* [PROBLEM]:
Copy out the data line by line exactly, from its start to the line bearing "using ne by", inclusive.

Stored data:

lemma remove_pr_table:
  assumes p: "discrete_no_signaling m p" and ne: "table_support m p \<noteq> {}"
  obtains c k \<alpha> \<beta> where "c > 0" "pr_labels m k \<alpha> \<beta>"
    "discrete_no_signaling m (\<lambda>x y i j. p x y i j - c * pr_table k \<alpha> \<beta> x y i j)"
    "table_support m (\<lambda>x y i j. p x y i j - c * pr_table k \<alpha> \<beta> x y i j) \<subset> table_support m p"
proof -
  obtain x0 y0 i0 j0 where "p x0 y0 i0 j0 > 0" "i0 < m" "j0 < m"
    using ne by (auto simp: table_support_def)
  then obtain k \<alpha> \<beta> where lab: "pr_labels m k \<alpha> \<beta>"
    and inside: "\<And>x y t. t \<in> {1..k} \<Longrightarrow> p x y (\<alpha> x t) (\<beta> y (redk k (t + of_bool (x \<and> y)))) > 0"
    using pr_labels_in_support[OF p] by metis
  define q where "q = pr_table k \<alpha> \<beta>"
  have k: "k \<ge> 1" using lab by (simp add: pr_labels_def)
  have q_nonneg: "q x y i j \<ge> 0" for x y i j by (simp add: q_def pr_table_nonneg)
  have q_pos: "p x y i j > 0" if "q x y i j > 0" for x y i j
    using that inside by (auto simp: q_def pr_table_pos_iff[OF k])
  have q_support: "(x, y, i, j) \<in> table_support m q \<longleftrightarrow> q x y i j > 0" for x y i j
    using pr_table_pos_imp_less[OF lab] by (auto simp: table_support_def q_def)
  have "q False False (\<alpha> False 1) (\<beta> False 1) > 0"
    using k by (auto simp: q_def pr_table_pos_iff redk_id intro: bexI[of _ 1])
  then have "table_support m q \<noteq> {}" using q_support by blast
  then obtain c where c: "c > 0" and below: "\<And>x y i j. q x y i j > 0 \<Longrightarrow> c * q x y i j \<le> p x y i j"
    and tight: "\<exists>z\<in>table_support m q. c * (case z of (x, y, i, j) \<Rightarrow> q x y i j) = (case z of (x, y, i, j) \<Rightarrow> p x y i j)"
    using exists_largest_multiple_below[OF finite_table_support, of m q "\<lambda>(x, y, i, j). q x y i j"
        "\<lambda>(x, y, i, j). p x y i j"] q_support q_pos by fastforce
  define p' where "p' x y i j = p x y i j - c * q x y i j" for x y i j
  have "p' x y i j \<ge> 0" for x y i j
    using below[of x y i j] q_nonneg[of x y i j] p
    by (cases "q x y i j > 0") (auto simp: p'_def discrete_no_signaling_def)
  moreover have "discrete_no_signaling m q"
    unfolding q_def by (rule discrete_no_signaling_pr_table[OF lab])
  ultimately have "discrete_no_signaling m p'"
    using p unfolding discrete_no_signaling_def p'_def
    by (simp add: sum_subtractf sum_distrib_left[symmetric])
  moreover have "table_support m p' \<subset> table_support m p"
  proof
    show "table_support m p' \<subseteq> table_support m p"
    proof -
      have "p' x y i j \<le> p x y i j" for x y i j using c q_nonneg[of x y i j] by (simp add: p'_def)
      then show ?thesis by (auto simp: table_support_def intro: less_le_trans)
    qed
    from tight obtain x y i j where "(x, y, i, j) \<in> table_support m q" "c * q x y i j = p x y i j"
      by auto
    then have "(x, y, i, j) \<in> table_support m p" "(x, y, i, j) \<notin> table_support m p'"
      using q_pos by (auto simp: table_support_def p'_def)
    then show "table_support m p' \<noteq> table_support m p" by blast
  qed
  ultimately show ?thesis
    using that[OF c lab] unfolding p'_def q_def by blast
qed

definition pr_decomposable :: "nat \<Rightarrow> (bool \<Rightarrow> bool \<Rightarrow> nat \<Rightarrow> nat \<Rightarrow> real) \<Rightarrow> bool" where
  "pr_decomposable m p \<longleftrightarrow> (\<exists>(n::nat) (c :: nat \<Rightarrow> real) k \<alpha> \<beta>.
     (\<forall>l<n. c l \<ge> 0 \<and> pr_labels m (k l) (\<alpha> l) (\<beta> l)) \<and>
     (\<forall>x y i j. i < m \<longrightarrow> j < m \<longrightarrow> p x y i j = (\<Sum>l<n. c l * pr_table (k l) (\<alpha> l) (\<beta> l) x y i j)))"

lemma pr_decomposable_add_pr_table:
  assumes "pr_decomposable m p" "c \<ge> 0" "pr_labels m k \<alpha> \<beta>"
  shows "pr_decomposable m (\<lambda>x y i j. p x y i j + c * pr_table k \<alpha> \<beta> x y i j)"
proof -
  obtain n :: nat and cs ks \<alpha>s \<beta>s where
    H: "\<forall>l<n. cs l \<ge> 0 \<and> pr_labels m (ks l) (\<alpha>s l) (\<beta>s l)"
       "\<forall>x y i j. i < m \<longrightarrow> j < m \<longrightarrow> p x y i j = (\<Sum>l<n. cs l * pr_table (ks l) (\<alpha>s l) (\<beta>s l) x y i j)"
    using assms(1) unfolding pr_decomposable_def by blast
  have "(\<Sum>l<Suc n. (cs(n := c)) l * pr_table ((ks(n := k)) l) ((\<alpha>s(n := \<alpha>)) l) ((\<beta>s(n := \<beta>)) l) x y i j)
      = (\<Sum>l<n. cs l * pr_table (ks l) (\<alpha>s l) (\<beta>s l) x y i j) + c * pr_table k \<alpha> \<beta> x y i j" for x y i j
    unfolding sum.lessThan_Suc by (auto intro!: sum.cong)
  then show ?thesis
    unfolding pr_decomposable_def using H assms(2,3)
    by (intro exI[of _ "Suc n"] exI[of _ "cs(n := c)"] exI[of _ "ks(n := k)"]
        exI[of _ "\<alpha>s(n := \<alpha>)"] exI[of _ "\<beta>s(n := \<beta>)"]) auto
qed

lemma discrete_no_signaling_decomposable:
  "discrete_no_signaling m p \<Longrightarrow> pr_decomposable m p"
proof (induction "card (table_support m p)" arbitrary: p rule: less_induct)
  case less
  show ?case
  proof (cases "table_support m p = {}")
    case True
    have "p x y i j = 0" if "i < m" "j < m" for x y i j
    proof -
      have "\<not> p x y i j > 0" using True that by (auto simp: table_support_def)
      moreover have "p x y i j \<ge> 0" using less.prems by (simp add: discrete_no_signaling_def)
      ultimately show ?thesis by linarith
    qed
    then show ?thesis unfolding pr_decomposable_def by (intro exI[of _ 0]) auto
  next
    case False
    then obtain c k \<alpha> \<beta> where c: "c > 0" "pr_labels m k \<alpha> \<beta>"
      and rest: "discrete_no_signaling m (\<lambda>x y i j. p x y i j - c * pr_table k \<alpha> \<beta> x y i j)"
        "table_support m (\<lambda>x y i j. p x y i j - c * pr_table k \<alpha> \<beta> x y i j) \<subset> table_support m p"
      by (rule remove_pr_table[OF less.prems])
    have "card (table_support m (\<lambda>x y i j. p x y i j - c * pr_table k \<alpha> \<beta> x y i j))
        < card (table_support m p)"
      by (rule psubset_card_mono[OF finite_table_support rest(2)])
    then have "pr_decomposable m (\<lambda>x y i j. p x y i j - c * pr_table k \<alpha> \<beta> x y i j)"
      using less.hyps rest(1) by blast
    from pr_decomposable_add_pr_table[OF this _ c(2), of c] c(1) show ?thesis by simp
  qed
qed

definition pr_outcomes :: "real \<Rightarrow> nat \<Rightarrow> (bool \<Rightarrow> nat \<Rightarrow> real) \<Rightarrow> (bool \<Rightarrow> nat \<Rightarrow> real) \<Rightarrow> bool" where
  "pr_outcomes K k a b \<longleftrightarrow> k \<ge> 1 \<and> (\<forall>x. inj_on (a x) {1..k}) \<and> (\<forall>y. inj_on (b y) {1..k}) \<and>
     (\<forall>x t. t \<in> {1..k} \<longrightarrow> a x t \<in> {-K..K}) \<and> (\<forall>y t. t \<in> {1..k} \<longrightarrow> b y t \<in> {-K..K})"

definition pr_behaviour :: "real \<Rightarrow> nat \<Rightarrow> (bool \<Rightarrow> nat \<Rightarrow> real) \<Rightarrow> (bool \<Rightarrow> nat \<Rightarrow> real) \<Rightarrow> behaviour" where
  "pr_behaviour K k a b x y =
     discrete_measure K {1..k} (\<lambda>_. 1 / real k) (\<lambda>t. (a x t, b y (redk k (t + of_bool (x \<and> y)))))"

lemma pr_outcomes_in_sq:
  assumes "pr_outcomes K k a b"
  shows "(\<lambda>t. (a x t, b y (redk k (t + of_bool (x \<and> y))))) ` {1..k} \<subseteq> sq K"
  using assms redk_in[of k] by (auto simp: pr_outcomes_def sq_def)

lemma emeasure_pr_behaviour:
  assumes "pr_outcomes K k a b" "A \<in> sets (sqM K)"
  shows "emeasure (pr_behaviour K k a b x y) A =
    ennreal (real (card {t \<in> {1..k}. (a x t, b y (redk k (t + of_bool (x \<and> y)))) \<in> A}) / real k)"
  unfolding pr_behaviour_def
  by (subst emeasure_discrete_measure[OF _ _ pr_outcomes_in_sq[OF assms(1)] assms(2)]) auto

lemma is_PR_box_pr_behaviour:
  assumes "pr_outcomes K k a b"
  shows "is_PR_box K (pr_behaviour K k a b)"
proof -
  have "is_behaviour K (pr_behaviour K k a b)"
    unfolding is_behaviour_def pr_behaviour_def
    using assms prob_space_discrete_measure[OF _ _ pr_outcomes_in_sq[OF assms]]
    by (simp add: pr_outcomes_def)
  then show ?thesis
    using assms emeasure_pr_behaviour[OF assms] unfolding is_PR_box_def pr_outcomes_def
    by (intro conjI exI[of _ k] exI[of _ a] exI[of _ b]) (auto simp: pr_behaviour_def)
qed

lemma prob_space_pr_behaviour: "pr_outcomes K k a b \<Longrightarrow> prob_space (pr_behaviour K k a b x y)"
  using is_PR_box_pr_behaviour by (simp add: is_PR_box_def is_behaviour_def)

definition pr_mixture :: "real \<Rightarrow> nat \<Rightarrow> (nat \<Rightarrow> real) \<Rightarrow> (nat \<Rightarrow> nat) \<Rightarrow>
    (nat \<Rightarrow> bool \<Rightarrow> nat \<Rightarrow> real) \<Rightarrow> (nat \<Rightarrow> bool \<Rightarrow> nat \<Rightarrow> real) \<Rightarrow> behaviour" where
  "pr_mixture K n c k a b x y =
     discrete_measure K (SIGMA l:{..<n}. {1..k l}) (\<lambda>(l, t). c l / real (k l))
       (\<lambda>(l, t). (a l x t, b l y (redk (k l) (t + of_bool (x \<and> y)))))"

lemma emeasure_pr_mixture:
  assumes "\<forall>l<n. c l \<ge> 0 \<and> pr_outcomes K (k l) (a l) (b l)" "A \<in> sets (sqM K)"
  shows "emeasure (pr_mixture K n c k a b x y) A =
    (\<Sum>l<n. ennreal (c l) * emeasure (pr_behaviour K (k l) (a l) (b l) x y) A)"
proof -
  let ?g = "\<lambda>(l, t). (a l x t, b l y (redk (k l) (t + of_bool (x \<and> y))))"
  let ?T = "\<lambda>l. {t \<in> {1..k l}. (a l x t, b l y (redk (k l) (t + of_bool (x \<and> y)))) \<in> A}"
  have "?g z \<in> sq K" if "z \<in> (SIGMA l:{..<n}. {1..k l})" for z
  proof -
    from that obtain l t where "z = (l, t)" "l < n" "t \<in> {1..k l}" by blast
    with pr_outcomes_in_sq[of K "k l" "a l" "b l" x y] assms(1) show ?thesis by auto
  qed
  then have "?g ` (SIGMA l:{..<n}. {1..k l}) \<subseteq> sq K" by blast
  then have "emeasure (pr_mixture K n c k a b x y) A =
      ennreal (\<Sum>z\<in>{z \<in> SIGMA l:{..<n}. {1..k l}. ?g z \<in> A}. (\<lambda>(l, t). c l / real (k l)) z)"
    unfolding pr_mixture_def using assms
    by (intro emeasure_discrete_measure) (auto simp: pr_outcomes_def)
  also have "{z \<in> SIGMA l:{..<n}. {1..k l}. ?g z \<in> A} = (SIGMA l:{..<n}. ?T l)"
    by auto
  also have "(\<Sum>z\<in>(SIGMA l:{..<n}. ?T l). (\<lambda>(l, t). c l / real (k l)) z) =
      (\<Sum>l<n. \<Sum>t\<in>?T l. c l / real (k l))"
    by (rule sum.Sigma[symmetric]) auto
  also have "\<dots> = (\<Sum>l<n. c l * (real (card (?T l)) / real (k l)))"
    by (simp add: ac_simps)
  also have "ennreal \<dots> = (\<Sum>l<n. ennreal (c l * (real (card (?T l)) / real (k l))))"
    by (rule sum_ennreal[symmetric]) (use assms(1) in auto)
  also have "\<dots> = (\<Sum>l<n. ennreal (c l) * ennreal (real (card (?T l)) / real (k l)))"
    using assms(1) by (intro sum.cong refl ennreal_mult) auto
  also have "\<dots> = (\<Sum>l<n. ennreal (c l) * emeasure (pr_behaviour K (k l) (a l) (b l) x y) A)"
    using assms by (intro sum.cong refl) (simp add: emeasure_pr_behaviour)
  finally show ?thesis .
qed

* [EXERCISE OUTPUT]:
lemma remove_pr_table:
  assumes p: "discrete_no_signaling m p" and ne: "table_support m p \<noteq> {}"
  obtains c k \<alpha> \<beta> where "c > 0" "pr_labels m k \<alpha> \<beta>"
    "discrete_no_signaling m (\<lambda>x y i j. p x y i j - c * pr_table k \<alpha> \<beta> x y i j)"
    "table_support m (\<lambda>x y i j. p x y i j - c * pr_table k \<alpha> \<beta> x y i j) \<subset> table_support m p"
proof -
  obtain x0 y0 i0 j0 where "p x0 y0 i0 j0 > 0" "i0 < m" "j0 < m"
    using ne by (auto simp: table_support_def)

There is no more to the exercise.